B. However, according to the facts established by the court below, on February 28, 1993, prior to the above appointment agreement of the defendant Incheon Metropolitan City Mayor, the plaintiff is a professor who had not been reappointed after the expiration of the term of appointment under the Private School Act. However, the plaintiff has been granted a provisional teacher's status until the judgment of the court of first instance is pronounced in the civil merits case since the application for the provisional disposition such as the suspension of the suspension of the appointment of professor was accepted by the court. According to the records, the above appointment agreement of the defendant Mayor of Incheon Metropolitan City and the above supplementary order issued by the defendant Minister of Education are merely applicable to the teacher who remains the term of appointment at the private university on the effective date of the above agreement, and as in this case, it is reasonable to view that with respect to the teacher who is dissatisfied with the validity of the refusal of appointment due to the expiration of the term of appointment prior to the expiration of the term of appointment, the provisional disposition of the rejection of appointment is cited in the provisional disposition of the suspension of appointment, and therefore, the plaintiff has no right to apply for appointment authority even if there is no right to apply for revocation or omission.
C. Therefore, the court below erred in the judgment below, but the conclusion that dismissed the lawsuit of this case against the defendant Education is just, and there is no error in the misapprehension of legal principles pointing out arguments.
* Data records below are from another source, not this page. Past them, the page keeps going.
section \<open>The tags issued by writers\<close>

text \<open>A history variable: I w k is the tag/value pair that writer w broadcasts in the write
  phase it runs with counter k, i.e.\ right after a discover phase run with counter k - 1.\<close>

type_synonym ('p,'v) issue_map = "'p \<Rightarrow> nat \<Rightarrow> ('p tag \<times> 'v option) option"

definition record_issue :: "'p set \<Rightarrow> 'p set \<Rightarrow> ('p,'v) gstate \<Rightarrow> ('p,'v) label
    \<Rightarrow> ('p,'v) issue_map \<Rightarrow> ('p,'v) issue_map" where
 "record_issue W S \<sigma> l I = (case l of
    Dlv (src, w, DiscoverAck t v k s) None \<Rightarrow> (case wph \<sigma> w of
       WDisc x A \<Rightarrow> if w \<in> W \<and> k = wop \<sigma> w \<and> quorum S \<le> card (dom (A(s \<mapsto> t)))
         then I(w := (I w)(Suc k := Some ((Suc (Max (fst ` ran (A(s \<mapsto> t)))), w), Some x)))
         else I
     | _ \<Rightarrow> I)
  | _ \<Rightarrow> I)"

definition valid_pair :: "('p,'v) issue_map \<Rightarrow> 'p tag \<Rightarrow> 'v option \<Rightarrow> bool" where
  "valid_pair I t v \<longleftrightarrow> (fst t = 0 \<and> v = None) \<or> (\<exists>k. I (snd t) k = Some (t, v))"

definition "issues_bounded I \<sigma> \<longleftrightarrow> (\<forall>w. I w 0 = None \<and> (\<forall>k. I w k \<noteq> None \<longrightarrow> k \<le> wop \<sigma> w))"
definition "issued_tags_wf I \<longleftrightarrow>
  (\<forall>w k t v. I w k = Some (t,v) \<longrightarrow> snd t = w \<and> 0 < fst t \<and> v \<noteq> None)"
definition "server_pairs_valid I \<sigma> \<longleftrightarrow> (\<forall>s. valid_pair I (stag \<sigma> s) (sval \<sigma> s))"
definition "write_requests_carry_issued I \<sigma> \<longleftrightarrow>
  (\<forall>src d t v k w. (src,d,WriteRequest t v k w) \<in># net \<sigma> \<longrightarrow> I w k = Some (t,v))"
definition "write_acks_cover_issued I \<sigma> \<longleftrightarrow>
  (\<forall>src d t v k s. (src,d,WriteAck t v k s) \<in># net \<sigma> \<longrightarrow> k = wop \<sigma> d \<longrightarrow>
     (\<exists>t' v'. I d k = Some (t',v') \<and> t' \<le> stag \<sigma> s))"
definition "server_wops_cover_issued I \<sigma> \<longleftrightarrow>
  (\<forall>s w. 0 < swops \<sigma> s w \<longrightarrow> (\<exists>t v. I w (swops \<sigma> s w) = Some (t,v) \<and> t \<le> stag \<sigma> s))"
definition "write_phase_covers_issued I \<sigma> \<longleftrightarrow>
  (\<forall>w A. wph \<sigma> w = WWrite A \<longrightarrow> (\<exists>t v. I w (wop \<sigma> w) = Some (t,v) \<and> (\<forall>s\<in>A. t \<le> stag \<sigma> s)))"
definition "relays_valid I \<sigma> \<longleftrightarrow> (\<forall>src d t v rid s. (src,d,ReadRelay t v rid s) \<in># net \<sigma> \<longrightarrow> valid_pair I t v)"
definition "read_acks_valid I \<sigma> \<longleftrightarrow>
  (\<forall>src d t v rid s. (src,d,ReadAck t v rid s) \<in># net \<sigma> \<longrightarrow> valid_pair I t v \<and> t \<le> stag \<sigma> s)"
definition "read_phase_valid I \<sigma> \<longleftrightarrow>
  (\<forall>r A s t v. rph \<sigma> r = RWait A \<longrightarrow> A s = Some (t,v) \<longrightarrow> valid_pair I t v \<and> t \<le> stag \<sigma> s)"

definition issue_inv :: "('p::linorder,'v) issue_map \<Rightarrow> ('p,'v) gstate \<Rightarrow> bool" where
  "issue_inv I \<sigma> \<longleftrightarrow> issues_bounded I \<sigma> \<and> issued_tags_wf I \<and> server_pairs_valid I \<sigma>
     \<and> write_requests_carry_issued I \<sigma> \<and> write_acks_cover_issued I \<sigma> \<and> server_wops_cover_issued I \<sigma>
     \<and> write_phase_covers_issued I \<sigma> \<and> relays_valid I \<sigma> \<and> read_acks_valid I \<sigma> \<and> read_phase_valid I \<sigma>"

lemma issue_inv_init: "issue_inv (\<lambda>_ _. None) (init_state :: ('p::linorder,'v) gstate)"
  by (simp add: issue_inv_def issues_bounded_def issued_tags_wf_def server_pairs_valid_def
      write_requests_carry_issued_def write_acks_cover_issued_def server_wops_cover_issued_def
      write_phase_covers_issued_def relays_valid_def read_acks_valid_def read_phase_valid_def
      init_state_def valid_pair_def)

lemma record_issue_completed_discover:
  "wph \<sigma> w = WDisc x A \<Longrightarrow> w \<in> W \<Longrightarrow> quorum S \<le> card (dom (A(s\<mapsto>t))) \<Longrightarrow>
   record_issue W S \<sigma> (Dlv (src,w,DiscoverAck t v (wop \<sigma> w) s) None) I =
     I(w := (I w)(Suc (wop \<sigma> w) := Some ((Suc (Max (fst ` ran (A(s\<mapsto>t)))), w), Some x)))"
  by (simp add: record_issue_def)

lemma record_issue_new:
  assumes "record_issue W S \<sigma> l I w k = Some (t,v)" "I w k \<noteq> Some (t,v)"
  obtains src t0 v0 s0 x A where "l = Dlv (src, w, DiscoverAck t0 v0 (wop \<sigma> w) s0) None"
    "wph \<sigma> w = WDisc x A" "k = Suc (wop \<sigma> w)" "w \<in> W" "quorum S \<le> card (dom (A(s0 \<mapsto> t0)))"
    "t = (Suc (Max (fst ` ran (A(s0 \<mapsto> t0)))), w)" "v = Some x"
  using assms
  by (auto simp: record_issue_def split: label.splits option.splits msg.splits wphase.splits if_splits)

declare split_paired_All[simp del] split_paired_Ex[simp del]

context
  fixes W R S :: "'p::linorder set" and \<sigma> \<sigma>' :: "('p,'v) gstate" and l and I :: "('p,'v) issue_map"
  assumes step: "step W R S \<sigma> l \<sigma>'" and finS: "finite S"
begin

lemma record_issue_keeps:
  assumes "issues_bounded I \<sigma>" "I w k = Some p"
  shows "(record_issue W S \<sigma> l I) w k = Some p"
proof -
  have "k \<le> wop \<sigma> w" using assms unfolding issues_bounded_def by (metis option.simps(3))
  with step show ?thesis using assms(2)
    by (cases rule: step.cases) (auto simp: record_issue_def handled_def split: wphase.splits msg.splits)
qed

lemma valid_pair_record_issue: "issues_bounded I \<sigma> \<Longrightarrow> valid_pair I t v \<Longrightarrow> valid_pair (record_issue W S \<sigma> l I) t v"
  unfolding valid_pair_def using record_issue_keeps by blast

lemma issues_bounded_step: "issues_bounded I \<sigma> \<Longrightarrow> issues_bounded (record_issue W S \<sigma> l I) \<sigma>'"
  unfolding issues_bounded_def using step
  by (elim stepE; auto simp: record_issue_def handled_def split: wphase.splits if_splits msg.splits;
      (fastforce intro: le_SucI)?)

lemma issued_tags_wf_step: "issued_tags_wf I \<Longrightarrow> issued_tags_wf (record_issue W S \<sigma> l I)"
  unfolding issued_tags_wf_def using step
  by (elim stepE; auto simp: record_issue_def handled_def split: wphase.splits if_splits msg.splits)

lemma server_pairs_valid_step:
  assumes keep: "\<And>t v. valid_pair I t v \<Longrightarrow> valid_pair (record_issue W S \<sigma> l I) t v"
    and "issued_tags_wf I" "server_pairs_valid I \<sigma>" "write_requests_carry_issued I \<sigma>" "relays_valid I \<sigma>"
  shows "server_pairs_valid (record_issue W S \<sigma> l I) \<sigma>'"
  using step
proof (cases rule: step.cases)
  case (srv_write src s t v k w \<sigma>1)
  have "I w k = Some (t, v)" using assms(4) srv_write unfolding write_requests_carry_issued_def by blast
  with assms(2) have "valid_pair I t v" unfolding valid_pair_def issued_tags_wf_def by metis
  then show ?thesis using srv_write assms(3) keep unfolding server_pairs_valid_def by auto
next
  case (srv_relay src s t v rid s' \<sigma>1 \<sigma>2 \<sigma>3)
  have "valid_pair I t v" using assms(5) srv_relay unfolding relays_valid_def by blast
  then show ?thesis using srv_relay assms(3) keep unfolding server_pairs_valid_def by auto
qed (use assms(3) keep in \<open>auto simp: server_pairs_valid_def\<close>)

lemma write_requests_carry_issued_step:
  assumes keep: "\<And>w k p. I w k = Some p \<Longrightarrow> (record_issue W S \<sigma> l I) w k = Some p"
    and "write_requests_carry_issued I \<sigma>" "write_requests_issued \<sigma>"
  shows "write_requests_carry_issued (record_issue W S \<sigma> l I) \<sigma>'"
  using step
proof (cases rule: step.cases)
  case (wr_dack_done src w t v k s x A A' maxTS k')
  then show ?thesis using assms finS unfolding write_requests_carry_issued_def write_requests_issued_def
    by (auto simp: record_issue_completed_discover dest!: in_diffD; metis Suc_n_not_le_n)
qed (use assms finS in \<open>auto simp: write_requests_carry_issued_def split: if_splits dest!: in_diffD\<close>)

lemma write_acks_cover_issued_step:
  assumes keep: "\<And>w k p. I w k = Some p \<Longrightarrow> (record_issue W S \<sigma> l I) w k = Some p" and wf: "wf_state S \<sigma>"
    and "issues_bounded I \<sigma>" "write_requests_carry_issued I \<sigma>" "write_acks_cover_issued I \<sigma>"
    "server_wops_cover_issued I \<sigma>"
  shows "write_acks_cover_issued (record_issue W S \<sigma> l I) \<sigma>'"
  unfolding write_acks_cover_issued_def
proof (intro allI impI)
  fix src d t v k s
  assume m: "(src, d, WriteAck t v k s) \<in># net \<sigma>'" and k: "k = wop \<sigma>' d"
  have sm: "stag \<sigma> s \<le> stag \<sigma>' s" using step by (rule stag_step_mono)
  from WriteAck_origin[OF step finS m]
  show "\<exists>t' v'. (record_issue W S \<sigma> l I) d k = Some (t', v') \<and> t' \<le> stag \<sigma>' s"
  proof
    assume old: "(src, d, WriteAck t v k s) \<in># net \<sigma>"
    with wf have "k \<le> wop \<sigma> d" unfolding wf_state_def write_acks_issued_def by blast
    with wop_step_mono[OF step, of d] k have "k = wop \<sigma> d" by simp
    then obtain t' v' where "I d k = Some (t',v')" "t' \<le> stag \<sigma> s"
      using assms(5) old unfolding write_acks_cover_issued_def by blast
    then show ?thesis using keep sm order_trans by blast
  next
    assume "\<exists>src' t0 v0. l = Dlv (src', s, WriteRequest t0 v0 k d) None
     \<and> (src', s, WriteRequest t0 v0 k d) \<in># net \<sigma> \<and> t = stag \<sigma>' s
     \<and> ((stag \<sigma> s < t0 \<and> swops \<sigma> s d < k \<and> t = t0) \<or> (\<not> (stag \<sigma> s < t0 \<and> swops \<sigma> s d < k) \<and> t = stag \<sigma> s))"
    then obtain src' t0 v0 where l: "l = Dlv (src', s, WriteRequest t0 v0 k d) None"
      and req: "(src', s, WriteRequest t0 v0 k d) \<in># net \<sigma>" and t: "t = stag \<sigma>' s"
      and c: "(stag \<sigma> s < t0 \<and> swops \<sigma> s d < k \<and> t = t0) \<or> (\<not> (stag \<sigma> s < t0 \<and> swops \<sigma> s d < k) \<and> t = stag \<sigma> s)"
      by blast
    have issued: "I d k = Some (t0, v0)" using assms(4) req unfolding write_requests_carry_issued_def by blast
    have "wop \<sigma>' d = wop \<sigma> d" using step l by (cases rule: step.cases) auto
    then have "swops \<sigma> s d \<le> k" using wf k unfolding wf_state_def server_wops_issued_def by auto
    moreover have "0 < k" using assms(3) issued unfolding issues_bounded_def by (metis gr0I option.simps(3))
    ultimately have "t0 \<le> stag \<sigma> s" if "\<not> (stag \<sigma> s < t0 \<and> swops \<sigma> s d < k)" "stag \<sigma> s < t0"
    proof -
      from that have "swops \<sigma> s d = k" using \<open>swops \<sigma> s d \<le> k\<close> by auto
      with \<open>0 < k\<close> obtain t' v' where "I d k = Some (t',v')" "t' \<le> stag \<sigma> s"
        using assms(6) unfolding server_wops_cover_issued_def by metis
      then show ?thesis using issued by simp
    qed
    then have "t0 \<le> t" using c by force
    then show ?thesis using issued keep t by blast
  qed
qed

lemma server_wops_cover_issued_step:
  assumes keep: "\<And>w k p. I w k = Some p \<Longrightarrow> (record_issue W S \<sigma> l I) w k = Some p"
    and "write_requests_carry_issued I \<sigma>" "server_wops_cover_issued I \<sigma>"
  shows "server_wops_cover_issued (record_issue W S \<sigma> l I) \<sigma>'"
  unfolding server_wops_cover_issued_def
proof (intro allI impI)
  fix s w assume pos: "0 < swops \<sigma>' s w"
  have sm: "\<And>s. stag \<sigma> s \<le> stag \<sigma>' s" using step by (rule stag_step_mono)
  have old: "\<exists>t v. (record_issue W S \<sigma> l I) w (swops \<sigma> s w) = Some (t, v) \<and> t \<le> stag \<sigma>' s" if "0 < swops \<sigma> s w"
    using assms(3) that keep sm order_trans unfolding server_wops_cover_issued_def by meson
  from swops_frame[OF step]
  show "\<exists>t v. (record_issue W S \<sigma> l I) w (swops \<sigma>' s w) = Some (t, v) \<and> t \<le> stag \<sigma>' s"
  proof
    assume "swops \<sigma>' = swops \<sigma>" then show ?thesis using old pos by simp
  next
    assume "\<exists>src s t v k w. l = Dlv (src,s,WriteRequest t v k w) None
      \<and> (src,s,WriteRequest t v k w) \<in># net \<sigma> \<and> stag \<sigma> s < t \<and> swops \<sigma> s w < k
      \<and> swops \<sigma>' = (swops \<sigma>)(s := (swops \<sigma> s)(w := k)) \<and> stag \<sigma>' s = t"
    then obtain src s0 t v k w0 where h: "(src,s0,WriteRequest t v k w0) \<in># net \<sigma>"
      "swops \<sigma>' = (swops \<sigma>)(s0 := (swops \<sigma> s0)(w0 := k))" "stag \<sigma>' s0 = t" by blast
    have "I w0 k = Some (t, v)" using assms(2) h(1) unfolding write_requests_carry_issued_def by blast
    then show ?thesis using h keep old pos by (cases "s = s0 \<and> w = w0") auto
  qed
qed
3. On the fifth ground for appeal
Even if the head of defendant Incheon Metropolitan City, who is not an appointment-recommendation authority for professors under Article 25 (1) of the Public Educational Officials Act, actually participated in the process of recommending the appointment of professors, such recommendation is not based on law, and it is merely a process of making an internal decision on the appointment of professors, and it does not directly cause any change in the status of existing rights, such as the establishment, change, deprivation, or confirmation of the scope thereof, and thus, it cannot be deemed an administrative disposition subject to administrative litigation. Therefore, the court below held that the plaintiff's lawsuit seeking confirmation of illegality of omission against the director of defendant Incheon Metropolitan City who did not recommend the appointment of the director of defendant Incheon Metropolitan City is unlawful, and there is no error of law
4. On the sixth ground for appeal
In light of the records and the relevant statutes, the court below did not err by violating the rules of evidence, omitting judgment, failing to exhaust all necessary deliberations, etc., which points out the grounds for the judgment of the Committee for Review of Disciplinary Action against Defendant Teachers for the same reasons.
5. Therefore, the appeal shall be dismissed and all costs of appeal shall be assessed against the losing plaintiff. It is so decided as per Disposition by the assent of all participating Justices.